Question: "What is gall in the Bible?"
Answer: In the Bible, the word gall most often refers to a bitter-tasting substance made of a plant such as wormwood or myrrh. The most famous biblical use of the word gall is in reference to a drink given to Jesus on the cross. Matthew 27:34 says that, as Jesus was being crucified, the Roman soldiers offered “wine to drink, mixed with gall.” Mark 15:23 specifies that the bitterness in the wine was due to the presence of myrrh. Wine mixed with bitter herbs or myrrh created a potion that dulled the sense of pain. The mixture of sour wine and gall was often given to the suffering to ease their pain in death.
Jesus refused this gall-laced concoction after He tasted it and realized what it was (Mark 15:23; John 19:29). In a supernatural display of courage, the Son of Man rejected anything that would numb the suffering He endured for our salvation. Sin against a holy God required extreme punishment, and, in order to completely fulfill His position as our substitute, Jesus wanted nothing that took away from that punishment. On the cross, Jesus became sin for us (2 Corinthians 5:21). To accept wine with gall would lessen sin’s punishment, and Jesus had come to bear the full brunt of God’s wrath against sin, not to take an easier way out (Isaiah 53:10).
The fact that Jesus was offered gall was prophesied thousands of years before Jesus was born. Psalm 69:21 records these prophetic words: “They put gall in my food and gave me vinegar for my thirst.” This prophetic mention of gall is only one of the dozens of messianic prophecies in the Old Testament that were fulfilled in Jesus’ life, death, and resurrection.

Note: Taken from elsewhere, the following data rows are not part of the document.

lemma edge_count_eq_adj_form: "real (edge_count E B C) = adj_form (indicator B) (indicator C)"
proof -
  have "{(u, v). u \<in> B \<and> v \<in> C \<and> E u v} = (SIGMA u:V \<inter> B. {v \<in> C. E u v})"
    using edge_in_V edge_sym by blast
  moreover have "finite {v \<in> C. E u v}" for u
    using finite_V edge_in_V by (auto intro: finite_subset)
  ultimately have "edge_count E B C = (\<Sum>u\<in>V \<inter> B. card {v \<in> C. E u v})"
    unfolding edge_count_def using finite_V by simp
  then show ?thesis
    using finite_V by (simp add: adj_form_def inner_on_def adj_apply_indicator Int_def)
qed

lemma edge_count_minus_adj_form_cell_averages:
  assumes "B \<subseteq> V" "C \<subseteq> V"
  shows "real (edge_count E B C) - adj_form (cell_average B) (cell_average C)
    = adj_form (bulk_part B) (bulk_part C)"
proof -
  have decompose: "indicator A = (\<lambda>v. cell_average A v + bulk_part A v)" for A :: "'a set"
    by (simp add: bulk_part_def)
  have "real (edge_count E B C)
      = adj_form (\<lambda>v. cell_average B v + bulk_part B v) (\<lambda>v. cell_average C v + bulk_part C v)"
    by (simp only: edge_count_eq_adj_form decompose)
  then show ?thesis
    using adj_form_cell_average_bulk[OF bulk_part_in_bulk_space[OF assms(1)], of C]
      adj_form_cell_average_bulk[OF bulk_part_in_bulk_space[OF assms(2)], of B]
    by (simp add: adj_form_commute[of "bulk_part B" "cell_average C"])
qed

Peter uses the term gall in rebuking Simon the sorcerer in Acts 8:23. This sorcerer had witnessed the power of the Holy Spirit and saw it as a means to financial gain. Simon viewed God’s Spirit as a super power he could use for his own purposes. In response to Simon’s request for the Holy Spirit, Peter told him to repent before God’s judgment came upon him and concluded with these words: “I see that you are in the gall of bitterness and in the bond of iniquity” (ESV). Here, gall is used figuratively to denote a severe moral defect in Simon that was producing bitterness in his heart.
The Law of the Old Testament also mentions gall, associating it with idolatry. As Moses confirms the covenant with the new generation of Israelites about to enter the Promised Land, he reminds them that they had seen the abominations of the surrounding nations—their idols of wood and stone and silver and gold. Then he warns the people to guard against idolatry, “lest there should be among you a root that beareth gall and wormwood” (Deuteronomy 29:18, KJV). In other words, whatever attraction idolatry may hold, it will have bitter, unsavory consequences.

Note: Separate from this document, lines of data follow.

(* In the Setting, under (SA1)–(SA2), let $\mathcal I\in\wp_k[n]$, distinct $i,j\in\mathcal I$, distinct $\alpha,\beta\in\mathcal I^{\mathtt C}$ satisfy $h(\mathcal I)h(\mathcal I^{ij}_{\alpha\beta})h(\mathcal I^i_\alpha)h(\mathcal I^i_\beta)h(\mathcal I^j_\alpha)h(\mathcal I^j_\beta)\neq0$. If $B^{ij}_{\alpha\beta}$ is a perfect square in $\Lambda$, then $Y(\mathcal I)^{ij}_{\alpha\beta}\in\mathbb C$.
   Context: Setting. $d\ge1$, $1\le k\le n$; $\mathbf t=(t_1,\dots,t_d)$ indeterminates; $\Lambda:=\mathbb C[t_1^{\pm1},\dots,t_d^{\pm1}]$ (a UFD whose units are exactly the elements $c\,\mathbf t^{\mathbf e}$, $c\in\mathbb C\setminus\{0\}$, $\mathbf e\in\mathbb Z^d$), $\mathbb F$ its fraction field, $\overline{\mathbb F}$ an algebraic closure. $[n]=\{1,\dots,n\}$, $\wp_k[n]$ the $k$-subsets. For $\mathcal I\in\wp_k[n]$: $\mathcal I^{\mathtt C}=[n]\setminus\mathcal I$; $\mathcal I^i_\alpha=(\mathcal I\setminus\{i\})\cup\{\alpha\}$; $\mathcal I^{ij}_{\alpha\beta}=(\mathcal I\setminus\{i,j\})\cup\{\alpha,\beta\}$. $\mathbf L$ ($k\times n$), $\mathbf R$ ($n\times k$) with entries in $\overline{\mathbb F}$; $\Delta_{\mathbf L}(\mathcal I)$, $\Delta_{\mathbf R}(\mathcal I)$ maximal minors on columns, resp. rows, $\mathcal I$; $h(\mathcal I):=\Delta_{\mathbf L}(\mathcal I)\Delta_{\mathbf R}(\mathcal I)$; $\mathfrak G:=\{\mathcal I:\Delta_{\mathbf L}(\mathcal I)\ne0\}$. (SA1) all $\Delta_{\mathbf R}(\mathcal I)\ne0$; (SA2) $h(\mathcal I)$ is a unit of $\Lambda$ for every $\mathcal I\in\mathfrak G$. $Y(\mathcal I)^{ij}_{\alpha\beta}:=-\mathrm{sign}[(i-\alpha)(i-\beta)(j-\alpha)(j-\beta)]\frac{\Delta_{\mathbf R}(\mathcal I^i_\alpha)\Delta_{\mathbf R}(\mathcal I^j_\beta)}{\Delta_{\mathbf R}(\mathcal I^i_\beta)\Delta_{\mathbf R}(\mathcal I^j_\alpha)}$. $A^{ij}_{\alpha\beta}:=h(\mathcal I)h(\mathcal I^{ij}_{\alpha\beta})-h(\mathcal I^i_\alpha)h(\mathcal I^j_\beta)-h(\mathcal I^i_\beta)h(\mathcal I^j_\alpha)$, $B^{ij}_{\alpha\beta}:=(A^{ij}_{\alpha\beta})^2-4h(\mathcal I^i_\alpha)h(\mathcal I^j_\beta)h(\mathcal I^i_\beta)h(\mathcal I^j_\alpha)$. *)

theory Defs
  imports "HOL-Library.Poly_Mapping" "HOL-Computational_Algebra.Polynomial"
    "Jordan_Normal_Form.Determinant" "Jordan_Normal_Form.DL_Submatrix"
begin

text \<open>Laurent polynomials with complex coefficients: finitely supported maps from
  integer exponent vectors (indexed by nat) to complex coefficients; multiplication is
  the group-algebra product.\<close>
type_synonym lpoly = "(nat \<Rightarrow>\<^sub>0 int) \<Rightarrow>\<^sub>0 complex"

text \<open>Lambda = C[t_1^{+-1},...,t_d^{+-1}]: the subring of Laurent polynomials only
  involving the variables with index < d (t_{i+1} corresponds to index i).\<close>
definition Lam :: "nat \<Rightarrow> lpoly set" where
  "Lam d = {p. \<forall>e \<in> Poly_Mapping.keys p. Poly_Mapping.keys e \<subseteq> {..<d}}"

definition lconst :: "complex \<Rightarrow> lpoly" where
  "lconst c = Poly_Mapping.single 0 c"

definition unit_of_Lam :: "nat \<Rightarrow> lpoly \<Rightarrow> bool" where
  "unit_of_Lam d u \<longleftrightarrow> u \<in> Lam d \<and> (\<exists>v \<in> Lam d. u * v = 1)"

text \<open>emb realises Fbar as an algebraic closure of the fraction field of Lambda:
  an injective ring embedding of Lambda into an algebraically closed field such that
  every element of the field is algebraic over the image of Lambda.\<close>
definition is_alg_closure_emb :: "nat \<Rightarrow> (lpoly \<Rightarrow> 'a :: alg_closed_field) \<Rightarrow> bool" where
  "is_alg_closure_emb d emb \<longleftrightarrow>
     emb 0 = 0 \<and> emb 1 = 1 \<and>
     (\<forall>p \<in> Lam d. \<forall>q \<in> Lam d. emb (p + q) = emb p + emb q \<and> emb (p * q) = emb p * emb q) \<and>
     inj_on emb (Lam d) \<and>
     (\<forall>x :: 'a. \<exists>P :: lpoly poly. P \<noteq> 0 \<and> (\<forall>i. coeff P i \<in> Lam d) \<and>
          poly (map_poly emb P) x = 0)"

text \<open>Index sets are k-subsets of {0..<n} (0-based version of [n]).\<close>
definition ksubsets :: "nat \<Rightarrow> nat \<Rightarrow> nat set set" where
  "ksubsets k n = {I. I \<subseteq> {0..<n} \<and> card I = k}"

definition swap1 :: "nat set \<Rightarrow> nat \<Rightarrow> nat \<Rightarrow> nat set" where
  "swap1 I i a = insert a (I - {i})"

definition swap2 :: "nat set \<Rightarrow> nat \<Rightarrow> nat \<Rightarrow> nat \<Rightarrow> nat \<Rightarrow> nat set" where
  "swap2 I i j a b = insert a (insert b (I - {i, j}))"

definition DeltaL :: "nat \<Rightarrow> 'a :: comm_ring_1 mat \<Rightarrow> nat set \<Rightarrow> 'a" where
  "DeltaL k L I = det (submatrix L {0..<k} I)"

definition DeltaR :: "nat \<Rightarrow> 'a :: comm_ring_1 mat \<Rightarrow> nat set \<Rightarrow> 'a" where
  "DeltaR k R I = det (submatrix R I {0..<k})"

definition hh :: "nat \<Rightarrow> 'a :: comm_ring_1 mat \<Rightarrow> 'a mat \<Rightarrow> nat set \<Rightarrow> 'a" where
  "hh k L R I = DeltaL k L I * DeltaR k R I"

definition Yc :: "nat \<Rightarrow> 'a :: field mat \<Rightarrow> nat set \<Rightarrow> nat \<Rightarrow> nat \<Rightarrow> nat \<Rightarrow> nat \<Rightarrow> 'a" where
  "Yc k R I i j a b =
     - of_int (sgn ((int i - int a) * (int i - int b) * (int j - int a) * (int j - int b)))
     * (DeltaR k R (swap1 I i a) * DeltaR k R (swap1 I j b))
       / (DeltaR k R (swap1 I i b) * DeltaR k R (swap1 I j a))"

definition Ac :: "nat \<Rightarrow> 'a :: comm_ring_1 mat \<Rightarrow> 'a mat \<Rightarrow> nat set \<Rightarrow> nat \<Rightarrow> nat \<Rightarrow> nat \<Rightarrow> nat \<Rightarrow> 'a" where
  "Ac k L R I i j a b =
     hh k L R I * hh k L R (swap2 I i j a b)
     - hh k L R (swap1 I i a) * hh k L R (swap1 I j b)
     - hh k L R (swap1 I i b) * hh k L R (swap1 I j a)"

definition Bc :: "nat \<Rightarrow> 'a :: comm_ring_1 mat \<Rightarrow> 'a mat \<Rightarrow> nat set \<Rightarrow> nat \<Rightarrow> nat \<Rightarrow> nat \<Rightarrow> nat \<Rightarrow> 'a" where
  "Bc k L R I i j a b =
     (Ac k L R I i j a b)^2
     - 4 * hh k L R (swap1 I i a) * hh k L R (swap1 I j b)
         * hh k L R (swap1 I i b) * hh k L R (swap1 I j a)"

end

(* By the three-term Pluecker relation, applied with the same signs to the maximal
   minors of L and of R, h(I) h(I^ij_ab) = (e1 P1 + e2 P2)(e1 Q1 + e2 Q2) with e1, e2 = +-1,
   P1 Q1 = h(I^i_a) h(I^j_b) and P2 Q2 = h(I^i_b) h(I^j_a), where the P are products of minors of L
   and the Q of minors of R; moreover Y = +-Q1/Q2. Then B = (P1 Q2 - P2 Q1)^2, so if B is a square
   in Lambda the two numbers P1 Q2 and P2 Q1, whose sum and product lie in Lambda, lie in Lambda
   themselves; their product is a unit, hence both are units. So X = Q1/Q2 and P1/P2 are units,
   and h(I) h(I^ij_ab) = P2 Q2 (1 + e P1/P2)(1 + e X) with e = e1 e2 shows that 1 + e X is a
   unit as well. Units of a Laurent polynomial ring are monomials, and a monomial x for which
   1 + x is also a monomial is a constant. *)

theory Submission
  imports Defs
begin

section \<open>Units of Laurent polynomial rings\<close>

lemma lookup_mult_sum_keys:
  fixes f g :: "'a::ab_group_add \<Rightarrow>\<^sub>0 'b::comm_semiring_0"
  shows "Poly_Mapping.lookup (f * g) k
    = (\<Sum>l\<in>Poly_Mapping.keys f. Poly_Mapping.lookup f l * Poly_Mapping.lookup g (k - l))"
proof -
  have "Poly_Mapping.lookup (f * g) k
      = (\<Sum>l. Poly_Mapping.lookup f l * (\<Sum>q. Poly_Mapping.lookup g q when k = l + q))"
    by (rule lookup_mult)
  also have "\<dots> = (\<Sum>l. Poly_Mapping.lookup f l * Poly_Mapping.lookup g (k - l))"
  proof -
    have "(\<Sum>q. Poly_Mapping.lookup g q when k = l + q) = (\<Sum>q. Poly_Mapping.lookup g q when q = k - l)"
      for l by (rule Sum_any.cong) (auto simp: when_def algebra_simps)
    then show ?thesis by (simp add: when_def)
  qed
  also have "\<dots> = (\<Sum>l\<in>Poly_Mapping.keys f. Poly_Mapping.lookup f l * Poly_Mapping.lookup g (k - l))"
    by (rule Sum_any.expand_superset) (auto simp: in_keys_iff)
  finally show ?thesis .
qed

lemma lookup_mult_unique_decomposition:
  fixes f g :: "'a::ab_group_add \<Rightarrow>\<^sub>0 'b::comm_semiring_0"
  assumes "a \<in> Poly_Mapping.keys f"
    and unique: "\<And>a' b'. a' \<in> Poly_Mapping.keys f \<Longrightarrow> b' \<in> Poly_Mapping.keys g \<Longrightarrow> a' + b' = a + b \<Longrightarrow> a' = a"
  shows "Poly_Mapping.lookup (f * g) (a + b) = Poly_Mapping.lookup f a * Poly_Mapping.lookup g b"
proof -
  have "Poly_Mapping.lookup f l * Poly_Mapping.lookup g (a + b - l) = 0"
    if "l \<in> Poly_Mapping.keys f - {a}" for l
  proof (cases "a + b - l \<in> Poly_Mapping.keys g")
    case True
    have "l + (a + b - l) = a + b" by (simp add: algebra_simps)
    with unique[OF _ True] that show ?thesis by auto
  qed (simp add: in_keys_iff)
  then have "(\<Sum>l\<in>Poly_Mapping.keys f - {a}. Poly_Mapping.lookup f l * Poly_Mapping.lookup g (a + b - l)) = 0"
    by (rule sum.neutral[OF ballI])
  with assms(1) show ?thesis
    by (simp add: lookup_mult_sum_keys sum.remove)
qed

Jeremiah used the term gall in describing his life as a persecuted prophet and someone who had witnessed the destruction of Jerusalem. In Lamentations 3:15 he writes, “He has filled me with bitter herbs and given me gall to drink.” Many chapters in the Bible demonstrate that God’s people often questioned His goodness when they were suffering. Life tasted bitter, and they cried out to God about it. Jeremiah continues in verses 19–20,
“I remember my affliction and my wandering,
the bitterness and the gall.
I well remember them,
and my soul is downcast within me.”
However, Jeremiah does not end there. Through the rest of chapter 3, the author reminds us that, even in times when we feel we’ve been given gall to drink, there is reason for hope in God:
“Yet this I call to mind
and therefore I have hope:
Because of the Lord’s great love we are not consumed,
for his compassions never fail.
They are new every morning;
great is your faithfulness.
I say to myself, ‘The Lord is my portion;
therefore I will wait for him’” (Lamentations 3:21–24).